A study was conducted to determine the acute dermal toxicity of the read across substance, Coco TMAC (33% active in water), in albino rabbits according to OECD 402 Guideline, in compliance with GLP. Semi-occlusive patches of the read across substance at 0, 520, 1,020 or 2,000 mg/kg bw (i.e., equivalent to 0, 172, 337 and 660 mg a.i./kg bw) was applied to the shaved, intact skin of groups of 10 rabbits (five per sex) for 24 h. Animals were observed at 1, 3 and 4 h post-dosing. Following the 24 h exposure period, animals were observed for mortality, clinical signs and skin response for 14 d. There was no mortality in the control or 520 mg/kg bw (or 172 mg a.i./kg bw) group. Two males died in the 1,020 mg/kg bw (or 337 mg a.i./kg bw) group while 4 males and 3 females died in the 2,000 mg/kg bw (or 660 mg a.i./kg bw) group. Under the study conditions, the acute dermal LD50 for male and female albino rabbits were determined to be 1,300 mg/kg bw (i.e., equivalent to 429 mg a.i./kg bw) and 1,900 mg/kg bw (i.e., equivalent to 627 mg a.i./kg bw) respectively, and the combined dermal LD50 value for males and females was determined to be 1,600 mg/kg bw (i.e., equivalent to 528 mg a.i./kg bw). Considering the generally low dermal absorption potential of Coco TMAC (<10% in Bartnik and Wingen, 1979 study), the observed systemic effects and mortality were attributed to the severe corrosive properties of the read across substance following 24 h exposure rather than real systemic toxicity. This is supported by the relatively limited observations on internal organs upon necropsis of the animals that died (Naas, 1988). Based on the results of the read across study, similar LD50 can be expected for the test substance.
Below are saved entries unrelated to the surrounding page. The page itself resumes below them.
(* Let $\alpha\ge0$, $2+\alpha+\sqrt{\alpha^2+\frac72\alpha+3}\le p<2(2+\alpha)$ and $s\in[0,1]$. Then $$B\left(\frac{2+\alpha}{p},1-\frac{2+\alpha}{p}\right)H_{\alpha,p}(s)\le\int_0^1\psi_{\alpha,p}(t)K_{\alpha,p}(s,t)\,dt.$$
   Context: $B(x,y)=\int_0^1 u^{x-1}(1-u)^{y-1}du$ is the Beta function. $\psi_{\alpha,p}(t)=t^{\frac{2+\alpha}{p}-1}(1-t)^{-\frac{2+\alpha}{p}}$ for $0<t<1$. $\binom{\alpha}{k}$ is the generalized binomial coefficient $\frac{\alpha(\alpha-1)\cdots(\alpha-k+1)}{k!}$, $\binom{\alpha}{0}=1$. $H_{\alpha,p}(s)=\sum_{k=0}^\infty\binom{\alpha}{k}(-1)^k\frac{1}{p-2\alpha-2+2k}-\frac{1}{2(\alpha+1)}(1-s^4)^{\alpha+1}$ for $0\le s\le1$, and $K_{\alpha,p}(s,t)=\sum_{k=0}^\infty\binom{\alpha}{k}(-1)^k\frac{1}{p-2\alpha-2+2k}\max\{s^2,t^2\}^{p-2\alpha-2+2k}$ for $0\le s\le1$, $0<t<1$. *)

theory Defs
  imports "HOL-Analysis.Analysis"
begin

definition psi_ap :: "real \<Rightarrow> real \<Rightarrow> real \<Rightarrow> real" where
  "psi_ap \<alpha> p t = t powr ((2 + \<alpha>) / p - 1) * (1 - t) powr (- ((2 + \<alpha>) / p))"

definition H_ap :: "real \<Rightarrow> real \<Rightarrow> real \<Rightarrow> real" where
  "H_ap \<alpha> p s = (\<Sum>k. (\<alpha> gchoose k) * (-1) ^ k * (1 / (p - 2*\<alpha> - 2 + 2 * real k)))
      - 1 / (2 * (\<alpha> + 1)) * (1 - s ^ 4) powr (\<alpha> + 1)"

definition K_ap :: "real \<Rightarrow> real \<Rightarrow> real \<Rightarrow> real \<Rightarrow> real" where
  "K_ap \<alpha> p s t = (\<Sum>k. (\<alpha> gchoose k) * (-1) ^ k * (1 / (p - 2*\<alpha> - 2 + 2 * real k))
      * (max (s^2) (t^2)) powr (p - 2*\<alpha> - 2 + 2 * real k))"

end

theory Submission
  imports Defs
begin

(* Write b = (2 + alpha)/p, q = p - 2 alpha - 2 and w x = x^(q-1) (1 - x^2)^alpha. Integrating the
   binomial series of (1 - x^2)^alpha term by term turns the series in K and H into integrals of w:
   with S = int_0^1 w one gets K s t = S - int_(max(s^2,t^2))^1 w and
   H s = S - int_(s^2)^1 x (1 - x^2)^alpha dx. The claim thereby reduces to
     int_0^1 psi t * int_(max(s^2,t^2))^1 w(x) dx dt <= B(b, 1 - b) * int_(s^2)^1 x (1 - x^2)^alpha dx.
   After exchanging the integrals, the inner integral int_0^(sqrt x) psi is at most
   x^(b/2) B(b, 1 - b) (substitute t = sqrt x * tau and use that (1 - t)^(-b) is increasing),
   and w x * x^(b/2) <= x (1 - x^2)^alpha because q - 1 + b/2 >= 1.
   Term-by-term integration is justified by the absolute summability of the coefficients of
   (1 - y)^alpha for alpha >= 0, which follows from their sign being eventually constant. *)

definition alt_gbinomial :: "real \<Rightarrow> nat \<Rightarrow> real" where
  "alt_gbinomial a k = (a gchoose k) * (-1) ^ k"

lemma alt_gbinomial_Suc:
  "alt_gbinomial a (Suc k) = alt_gbinomial a k * ((real k - a) / (real k + 1))"
proof -
  have h: "(a gchoose Suc k) = (a gchoose k) * (a - real k) / (real k + 1)"
    using gbinomial_mult_1[of a k] by (simp add: field_simps)
  show ?thesis
    unfolding alt_gbinomial_def h by (simp add: field_simps)
qed

lemma alt_gbinomial_eq_prod:
  assumes "N \<le> k"
  shows "alt_gbinomial a k = alt_gbinomial a N * (\<Prod>j=N..<k. (real j - a) / (real j + 1))"
  using assms
proof (induction k rule: dec_induct)
  case (step k)
  then show ?case by (simp add: alt_gbinomial_Suc prod.atLeastLessThan_Suc)
qed simp

lemma abs_alt_gbinomial_eventually:
  assumes "a \<le> real N" "N \<le> k"
  shows "\<bar>alt_gbinomial a k\<bar> = sgn (alt_gbinomial a N) * alt_gbinomial a k"
proof -
  define P where "P = (\<Prod>j=N..<k. (real j - a) / (real j + 1))"
  have "P \<ge> 0"
    unfolding P_def using assms(1) by (intro prod_nonneg) auto
  then show ?thesis
    unfolding alt_gbinomial_eq_prod[OF assms(2)] P_def[symmetric]
    by (simp add: abs_mult abs_sgn[of "alt_gbinomial a N"] mult_ac)
qed

lemma sums_alt_gbinomial:
  assumes "\<bar>y\<bar> < 1"
  shows "(\<lambda>k. alt_gbinomial a k * y ^ k) sums (1 - y) powr a"
proof -
  have "(\<lambda>k. (a gchoose k) * (-y) ^ k) sums (1 + (-y)) powr a"
    using assms by (intro gen_binomial_real) simp
  moreover have "(a gchoose k) * (-y) ^ k = alt_gbinomial a k * y ^ k" for k
    unfolding alt_gbinomial_def power_minus[of y k] by (simp only: mult_ac)
  ultimately show ?thesis
    by simp
qed

lemma sum_abs_alt_gbinomial_power_le:
  assumes "a \<ge> 0" "a \<le> real N" "0 \<le> y" "y < 1"
  shows "(\<Sum>k<n. \<bar>alt_gbinomial a k\<bar> * y ^ k) \<le> 1 + 2 * (\<Sum>k<N. \<bar>alt_gbinomial a k\<bar>)"
proof -
  define c where "c = alt_gbinomial a"
  define \<sigma> where "\<sigma> = sgn (c N)"
  define d where "d k = (\<bar>c k\<bar> - \<sigma> * c k) * y ^ k" for k
  have "d sums (\<Sum>k<N. d k)"
    by (rule sums_finite) (auto simp: d_def \<sigma>_def c_def abs_alt_gbinomial_eventually[OF assms(2)])
  moreover have "(\<lambda>k. \<sigma> * (c k * y ^ k)) sums (\<sigma> * (1 - y) powr a)"
    unfolding c_def using assms by (intro sums_mult sums_alt_gbinomial) auto
  ultimately have "(\<lambda>k. d k + \<sigma> * (c k * y ^ k)) sums ((\<Sum>k<N. d k) + \<sigma> * (1 - y) powr a)"
    by (rule sums_add)
  moreover have "d k + \<sigma> * (c k * y ^ k) = \<bar>c k\<bar> * y ^ k" for k
    by (simp add: d_def algebra_simps)
  ultimately have sums_abs: "(\<lambda>k. \<bar>c k\<bar> * y ^ k) sums (\<sigma> * (1 - y) powr a + (\<Sum>k<N. d k))"
    by (simp add: add.commute)
  have "(\<Sum>k<n. \<bar>c k\<bar> * y ^ k) \<le> (\<Sum>k. \<bar>c k\<bar> * y ^ k)"
    using sums_abs assms by (intro sum_le_suminf) (auto simp: sums_iff)
  also have "\<dots> = \<sigma> * (1 - y) powr a + (\<Sum>k<N. d k)"
    using sums_abs by (rule sums_unique[symmetric])
  also have "\<sigma> * (1 - y) powr a \<le> 1"
  proof -
    have "\<sigma> * (1 - y) powr a \<le> (1 - y) powr a"
      by (auto simp: \<sigma>_def sgn_if)
    also have "\<dots> \<le> 1"
      using assms by (intro powr_le1) auto
    finally show ?thesis .
  qed
  also have "(\<Sum>k<N. d k) \<le> (\<Sum>k<N. 2 * \<bar>c k\<bar>)"
  proof (intro sum_mono)
    fix k
    have "\<bar>\<sigma> * c k\<bar> \<le> \<bar>c k\<bar>" by (simp add: \<sigma>_def abs_mult abs_sgn_eq sgn_if)
    moreover have "y ^ k \<le> 1" using assms by (simp add: power_le_one)
    ultimately show "d k \<le> 2 * \<bar>c k\<bar>"
      unfolding d_def using assms by (intro order_trans[OF mult_left_mono[of "y ^ k" 1]]) auto
  qed
  finally show ?thesis by (simp only: c_def sum_distrib_left)
qed

lemma summable_abs_alt_gbinomial:
  assumes "a \<ge> 0"
  shows "summable (\<lambda>k. \<bar>alt_gbinomial a k\<bar>)"
proof (rule summableI_nonneg_bounded)
  fix n
  define M where "M = 1 + 2 * (\<Sum>k<nat \<lceil>a\<rceil>. \<bar>alt_gbinomial a k\<bar>)"
  have "eventually (\<lambda>y::real. y \<in> {0<..<1}) (at_left 1)"
    by (rule eventually_at_left_real) simp
  then have "eventually (\<lambda>y. (\<Sum>k<n. \<bar>alt_gbinomial a k\<bar> * y ^ k) \<le> M) (at_left 1)"
    unfolding M_def by eventually_elim (use assms in \<open>auto intro!: sum_abs_alt_gbinomial_power_le\<close>)
  moreover have "((\<lambda>y. \<Sum>k<n. \<bar>alt_gbinomial a k\<bar> * y ^ k) \<longlongrightarrow> (\<Sum>k<n. \<bar>alt_gbinomial a k\<bar> * 1 ^ k))
      (at_left 1)"
    by (intro tendsto_intros)
  ultimately have "(\<Sum>k<n. \<bar>alt_gbinomial a k\<bar> * 1 ^ k) \<le> M"
    using tendsto_upperbound by force
  then show "(\<Sum>k<n. \<bar>alt_gbinomial a k\<bar>) \<le> M"
    by simp
qed simp

lemma powr_add_even:
  assumes "0 < x"
  shows "x powr (q + 2 * real k - 1) = x powr (q - 1) * (x\<^sup>2) ^ k"
proof -
  have "x powr (q + 2 * real k - 1) = x powr (q - 1) * x powr real (2 * k)"
    by (simp add: powr_add[symmetric] algebra_simps)
  also have "x powr real (2 * k) = (x\<^sup>2) ^ k"
    using powr_realpow[OF assms, of "2 * k"] by (simp add: power_mult)
  finally show ?thesis .
qed

lemma sums_alt_gbinomial_powr:
  assumes "0 < x" "x < 1"
  shows "(\<lambda>k. alt_gbinomial a k * x powr (q + 2 * real k - 1)) sums (x powr (q - 1) * (1 - x\<^sup>2) powr a)"
proof -
  have "(\<lambda>k. x powr (q - 1) * (alt_gbinomial a k * (x\<^sup>2) ^ k)) sums (x powr (q - 1) * (1 - x\<^sup>2) powr a)"
    using assms by (intro sums_mult sums_alt_gbinomial) (simp add: abs_square_less_1)
  then show ?thesis
    unfolding powr_add_even[OF assms(1)] by (simp only: mult_ac)
qed

lemma summable_abs_alt_gbinomial_powr:
  assumes "a \<ge> 0" "0 < x" "x < 1"
  shows "summable (\<lambda>k. \<bar>alt_gbinomial a k * x powr (q + 2 * real k - 1)\<bar>)"
proof (rule summable_comparison_test')
  show "summable (\<lambda>k. x powr (q - 1) * \<bar>alt_gbinomial a k\<bar>)"
    using assms by (intro summable_mult summable_abs_alt_gbinomial)
  fix k
  have "(x\<^sup>2) ^ k \<le> 1"
    using assms by (simp add: power_le_one abs_square_le_1)
  then have "\<bar>alt_gbinomial a k\<bar> * (x powr (q - 1) * (x\<^sup>2) ^ k)
      \<le> \<bar>alt_gbinomial a k\<bar> * x powr (q - 1)"
    by (intro mult_left_mono mult_left_le) auto
  then show "norm \<bar>alt_gbinomial a k * x powr (q + 2 * real k - 1)\<bar>
      \<le> x powr (q - 1) * \<bar>alt_gbinomial a k\<bar>"
    unfolding powr_add_even[OF assms(2)] by (simp add: abs_mult mult.commute)
qed
lemma spectral_radius_stem_bud_mat:
  assumes B: "stem_bud_mat n k B" and weight: "bud_cycle_weight n k B = complex_of_real c"
    and c: "c \<ge> 0"
  shows "spectral_radius B = root (n - k) c"
proof -
  have B_carrier: "B \<in> carrier_mat n n" and kn: "k + 1 < n"
    using B unfolding stem_bud_mat_def by auto
  define r where "r = root (n - k) c"
  have r: "r \<ge> 0" "r ^ (n - k) = c"
    using c kn unfolding r_def by (simp_all add: real_root_pow_pos2)
  have norm_le: "norm \<mu> \<le> r" if "\<mu> \<in> spectrum B" for \<mu>
  proof (cases "\<mu> = 0")
    case False
    from that obtain v where "eigenvector B v \<mu>"
      unfolding spectrum_def eigenvalue_def by auto
    from stem_bud_mat_eigenvalue_power[OF B this False]
    have "norm \<mu> ^ (n - k) = r ^ (n - k)"
      using weight r c by (simp flip: norm_power)
    then have "norm \<mu> = r"
      by (rule power_eq_imp_eq_base) (use r kn in auto)
    then show ?thesis by simp
  qed (use r in simp)
  have r_le: "r \<le> spectral_radius B"
  proof (cases "r = 0")
    case False
    have "eigenvalue B (complex_of_real r)"
      using stem_bud_mat_eigenvalueI[OF B] False weight r by (simp flip: of_real_power)
    then show ?thesis
      using spectral_radius_mem_max(2)[OF B_carrier] kn r unfolding spectrum_def by force
  next
    case True
    then show ?thesis
      using spectral_radius_mem_max(1)[OF B_carrier] kn by force
  qed
  show ?thesis
    using spectral_radius_mem_max(1)[OF B_carrier] kn norm_le r_le unfolding r_def[symmetric]
    by (force intro: antisym)
qed
(* Let $\mu$ be a fixed probability distribution on a measurable space $\mathcal{X}$, $\varepsilon\ge0$, $\delta\in[0,1]$. For $\lambda\in[0,1]$ define the sampler $\mathbf{Q}_\lambda$ on all distributions $P$ on $\mathcal{X}$ by $\mathbf{Q}_\lambda(A\mid P)=\lambda P(A)+(1-\lambda)\mu(A)$ for measurable $A\subseteq\mathcal{X}$. If $\mathbf{Q}_{\lambda_1}$ is $(\varepsilon,\delta)$-LDP for some $\lambda_1\in[0,1]$, then $\mathbf{Q}_{\lambda_2}$ is $(\varepsilon,\delta)$-LDP for every $\lambda_2\in[0,\lambda_1]$.
   Context: A sampler $\mathbf{Q}$ defined on a class of distributions is $(\varepsilon,\delta)$-LDP if $\mathbf{Q}(A\mid P)\le e^\varepsilon\mathbf{Q}(A\mid P')+\delta$ for every pair of inputs $P,P'$ in its domain and every measurable $A$. *)

theory Defs
  imports "HOL-Probability.Probability"
begin

definition distributions :: "'a measure \<Rightarrow> 'a measure set" where
  "distributions M = {P. prob_space P \<and> sets P = sets M}"

text \<open>A sampler maps each input distribution to a distribution on the output space,
  given by its probability function on measurable sets.
  (eps,delta)-LDP on a domain D of inputs, with output sigma-algebra given by M.\<close>
definition is_LDP :: "'a measure \<Rightarrow> 'b measure set \<Rightarrow> ('b measure \<Rightarrow> 'a set \<Rightarrow> real)
    \<Rightarrow> real \<Rightarrow> real \<Rightarrow> bool" where
  "is_LDP M D Q \<epsilon> \<delta> \<longleftrightarrow>
     (\<forall>P\<in>D. \<forall>P'\<in>D. \<forall>A\<in>sets M. Q P A \<le> exp \<epsilon> * Q P' A + \<delta>)"

definition mix_sampler :: "'a measure \<Rightarrow> real \<Rightarrow> 'a measure \<Rightarrow> 'a set \<Rightarrow> real" where
  "mix_sampler \<mu> l P A = l * measure P A + (1 - l) * measure \<mu> A"

end

theory Submission
  imports Defs
begin

text \<open>Writing \<open>t = l\<^sub>2 / l\<^sub>1\<close>, the sampler \<open>Q\<^bsub>l\<^sub>2\<^esub>\<close> is the convex
  combination \<open>t Q\<^bsub>l\<^sub>1\<^esub> + (1 - t) Q\<^sub>0\<close>. The LDP inequality is linear in the sampler,
  so it survives convex combinations, and \<open>Q\<^sub>0 = \<mu>\<close> ignores its input and is
  trivially \<open>(\<epsilon>, \<delta>)\<close>-LDP.\<close>

lemma is_LDP_convex_combination:
  assumes "is_LDP M D Q\<^sub>1 \<epsilon> \<delta>" and "is_LDP M D Q\<^sub>2 \<epsilon> \<delta>"
    and "0 \<le> t" and "t \<le> 1"
  shows "is_LDP M D (\<lambda>P A. t * Q\<^sub>1 P A + (1 - t) * Q\<^sub>2 P A) \<epsilon> \<delta>"
  unfolding is_LDP_def
proof (intro ballI)
  fix P P' A assume "P \<in> D" "P' \<in> D" "A \<in> sets M"
  then have "Q\<^sub>1 P A \<le> exp \<epsilon> * Q\<^sub>1 P' A + \<delta>" and "Q\<^sub>2 P A \<le> exp \<epsilon> * Q\<^sub>2 P' A + \<delta>"
    using assms(1,2) unfolding is_LDP_def by blast+
  then have "t * Q\<^sub>1 P A + (1 - t) * Q\<^sub>2 P A
      \<le> t * (exp \<epsilon> * Q\<^sub>1 P' A + \<delta>) + (1 - t) * (exp \<epsilon> * Q\<^sub>2 P' A + \<delta>)"
    using assms(3,4) by (intro add_mono mult_left_mono) auto
  also have "\<dots> = exp \<epsilon> * (t * Q\<^sub>1 P' A + (1 - t) * Q\<^sub>2 P' A) + \<delta>"
    by (simp add: algebra_simps)
  finally show "t * Q\<^sub>1 P A + (1 - t) * Q\<^sub>2 P A
      \<le> exp \<epsilon> * (t * Q\<^sub>1 P' A + (1 - t) * Q\<^sub>2 P' A) + \<delta>" .
qed

lemma is_LDP_const_sampler:
  assumes "\<And>A. A \<in> sets M \<Longrightarrow> 0 \<le> q A" and "0 \<le> \<epsilon>" and "0 \<le> \<delta>"
  shows "is_LDP M D (\<lambda>P A. q A) \<epsilon> \<delta>"
  unfolding is_LDP_def
proof (intro ballI)
  fix A assume "A \<in> sets M"
  then have "q A \<le> exp \<epsilon> * q A"
    using assms(1,2) by (simp add: mult_right_mono[of 1 "exp \<epsilon>" "q A", simplified])
  then show "q A \<le> exp \<epsilon> * q A + \<delta>"
    using assms(3) by linarith
qed

lemma mix_sampler_0: "mix_sampler \<mu> 0 = (\<lambda>P A. measure \<mu> A)"
  by (simp add: mix_sampler_def fun_eq_iff)

lemma mix_sampler_scale:
  "mix_sampler \<mu> (t * l) P A = t * mix_sampler \<mu> l P A + (1 - t) * mix_sampler \<mu> 0 P A"
  by (simp add: mix_sampler_def algebra_simps)

theorem lemma1:
  fixes \<mu> :: "'a measure" and \<epsilon> \<delta> l\<^sub>1 l\<^sub>2 :: real
  assumes "prob_space \<mu>"
    and "\<epsilon> \<ge> 0" and "0 \<le> \<delta>" and "\<delta> \<le> 1"
    and "0 \<le> l\<^sub>1" and "l\<^sub>1 \<le> 1"
    and "is_LDP \<mu> (distributions \<mu>) (mix_sampler \<mu> l\<^sub>1) \<epsilon> \<delta>"
    and "0 \<le> l\<^sub>2" and "l\<^sub>2 \<le> l\<^sub>1"
  shows "is_LDP \<mu> (distributions \<mu>) (mix_sampler \<mu> l\<^sub>2) \<epsilon> \<delta>"
proof (cases "l\<^sub>1 = 0")
  case True
  with assms(7-9) show ?thesis by simp
next
  case False
  define t where "t = l\<^sub>2 / l\<^sub>1"
  have "0 \<le> t" "t \<le> 1" and l\<^sub>2_eq: "l\<^sub>2 = t * l\<^sub>1"
    using False assms(5,8,9) by (auto simp: t_def)
  have "is_LDP \<mu> (distributions \<mu>) (mix_sampler \<mu> 0) \<epsilon> \<delta>"
    unfolding mix_sampler_0 using assms(2,3) by (intro is_LDP_const_sampler) auto
  with assms(7) show ?thesis
    unfolding l\<^sub>2_eq mix_sampler_scale
    by (rule is_LDP_convex_combination) fact+
qed

end
lemma mat_form_add_mat:
  assumes "C \<in> carrier_mat n n" "D \<in> carrier_mat n n"
  shows "mat_form (C + D) x y = mat_form C x y + mat_form D x y"
proof -
  have "mat_form (C + D) x y = (\<Sum>i<n. \<Sum>j<n. x i * C $$ (i, j) * y j + x i * D $$ (i, j) * y j)"
    using assms unfolding mat_form_def by (auto simp: algebra_simps intro!: sum.cong)
  then show ?thesis using assms unfolding mat_form_def by (simp add: sum.distrib)
qed

lemma mat_form_minus_mat:
  assumes "C \<in> carrier_mat n n" "D \<in> carrier_mat n n"
  shows "mat_form (C - D) x y = mat_form C x y - mat_form D x y"
proof -
  have "mat_form (C - D) x y = (\<Sum>i<n. \<Sum>j<n. x i * C $$ (i, j) * y j - x i * D $$ (i, j) * y j)"
    using assms unfolding mat_form_def by (auto simp: algebra_simps intro!: sum.cong)
  then show ?thesis using assms unfolding mat_form_def by (simp add: sum_subtractf)
qed

lemma mat_form_smult_mat: "mat_form (t \<cdot>\<^sub>m C) x y = t * mat_form C x y"
  unfolding mat_form_def by (auto simp: sum_distrib_left mult_ac intro!: sum.cong)

definition lin_comb :: "nat \<Rightarrow> (nat \<Rightarrow> real) \<Rightarrow> (nat \<Rightarrow> 'a) \<Rightarrow> 'a::real_vector" where
  "lin_comb n z v = (\<Sum>i<n. z i *\<^sub>R v i)"

lemma mat_form_gram:
  assumes "bilinear_form S"
  shows "mat_form (mat n n (\<lambda>(i, j). S (v i) (v j))) x y = S (lin_comb n x v) (lin_comb n y v)"
proof -
  have "S (lin_comb n x v) (lin_comb n y v) = (\<Sum>i<n. x i * (\<Sum>j<n. y j * S (v i) (v j)))"
    unfolding lin_comb_def bilinear_form_sum_left[OF assms] unfolding bilinear_form_sum_right[OF assms] ..
  also have "\<dots> = mat_form (mat n n (\<lambda>(i, j). S (v i) (v j))) x y"
    unfolding mat_form_def by (auto simp: sum_distrib_left mult_ac intro!: sum.cong)
  finally show ?thesis ..
qed

lemma gram_pencil_form:
  fixes M N :: "'a::real_vector \<Rightarrow> 'a \<Rightarrow> real" and G :: "'b::real_vector \<Rightarrow> 'b \<Rightarrow> real"
    and n :: nat and v :: "nat \<Rightarrow> 'a" and w :: "nat \<Rightarrow> 'b" and \<rho> :: real
  assumes "bilinear_form M" "bilinear_form N" "bilinear_form G"
  defines "A0 \<equiv> mat n n (\<lambda>(i, j). M (v i) (v j))" and "A1 \<equiv> mat n n (\<lambda>(i, j). N (v i) (v j))"
    and "A2 \<equiv> mat n n (\<lambda>(i, j). G (w i) (w j))"
  defines "A \<equiv> A0 - \<rho> \<cdot>\<^sub>m A1" and "B \<equiv> A0 - (2 * \<rho>) \<cdot>\<^sub>m A1 + \<rho>\<^sup>2 \<cdot>\<^sub>m A2"
  shows "mat_form A z z - t * mat_form B z z
    = (1 - t) * M (lin_comb n z v) (lin_comb n z v) - \<rho> * (1 - 2 * t) * N (lin_comb n z v) (lin_comb n z v)
      - t * \<rho>\<^sup>2 * G (lin_comb n z w) (lin_comb n z w)"
  unfolding A_def B_def A0_def A1_def A2_def using assms(1-3)
  by (simp add: mat_form_add_mat[of _ n] mat_form_minus_mat[of _ n] mat_form_smult_mat minus_carrier_mat
      mat_form_gram algebra_simps)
Based on the above study the biocide assessment report available from RMS Italy on Coco TMAC (ECHA assessment report, 2016), selected the lowest acute dermal LD50 value at 429 mg a.i./kg bw. They further stated that all concentrations applied induced moderate to severe erythema and oedema; the clinical signs and the observed lethality are secondary to the severe local tissue damage, rather than the result of systemic toxicity through percutaneously absorbed material. Therefore, in line with the biocides assessment report, the dermal LD50 value of 429 mg a.i./kg bw has been considered further for hazard/risk assessment.

Inhalation

In accordance with Annex VII, Section 8.5, Column 2, of the REACH regulation, the study does not need to be conducted because the substance is classified as corrosive to the skin. Further, the substance has a low vapour pressure (VP = 0.0058 Pa at 25 °C), which is below the cut-off of 0.01 Pa set for defining low volatility substances, as per the ECHA Guidance R.7a (2017). Therefore, due to the low VP, it is unlikely that the test substance will form inhalable dust, mist or fumes when handled and used in solid form. In case inhalable forms of the substance (either pure or in aqueous solutions) are created under particular conditions (e.g., spraying, elevated temperature/pressure), appropriate risk management measures such as closed systems, exhaust ventilation or wearing of respirators are implemented to control exposure. Under such conditions, the risk to humans following inhalation exposure can be considered minimal and further testing involving vertebrate animals may be omitted, in accordance with Annex XI (1.2) of the REACH regulation. ​ 

Justification for classification or non-classification

Based on the oral and dermal LD50 values from the read across studies, the test substance C12-18 TMAC warrants an ‘Acute Tox. 3; H301: toxic if swallowed’ classification for the oral route and ‘Acute Tox. 3; H311: toxic in contact with skin’ for the dermal route according to EU CLP criteria (Regulation EC 1272/2008). 

In addition, for the inhalation route, although C12-18 TMAC is classified to be corrosive (see section 5.3) and this drives its mechanism of action of toxicity, its inherent low vapour pressure prohibits the occurrence of respiratory irritation or corrosion by vapour. Therefore, it does not warrant an additional labelling as: EUH071 — ‘Corrosive to the respiratory tract’ according to EU CLP criteria (Regulation EC 1272/2008).

Further, the available data does not show indication that classification for STOT-SE cat 1 or 2 is indicated. For STOT-SE Cat 3: C16-18 and C18-unsatd. TMAC or QAS substances are not narcotic.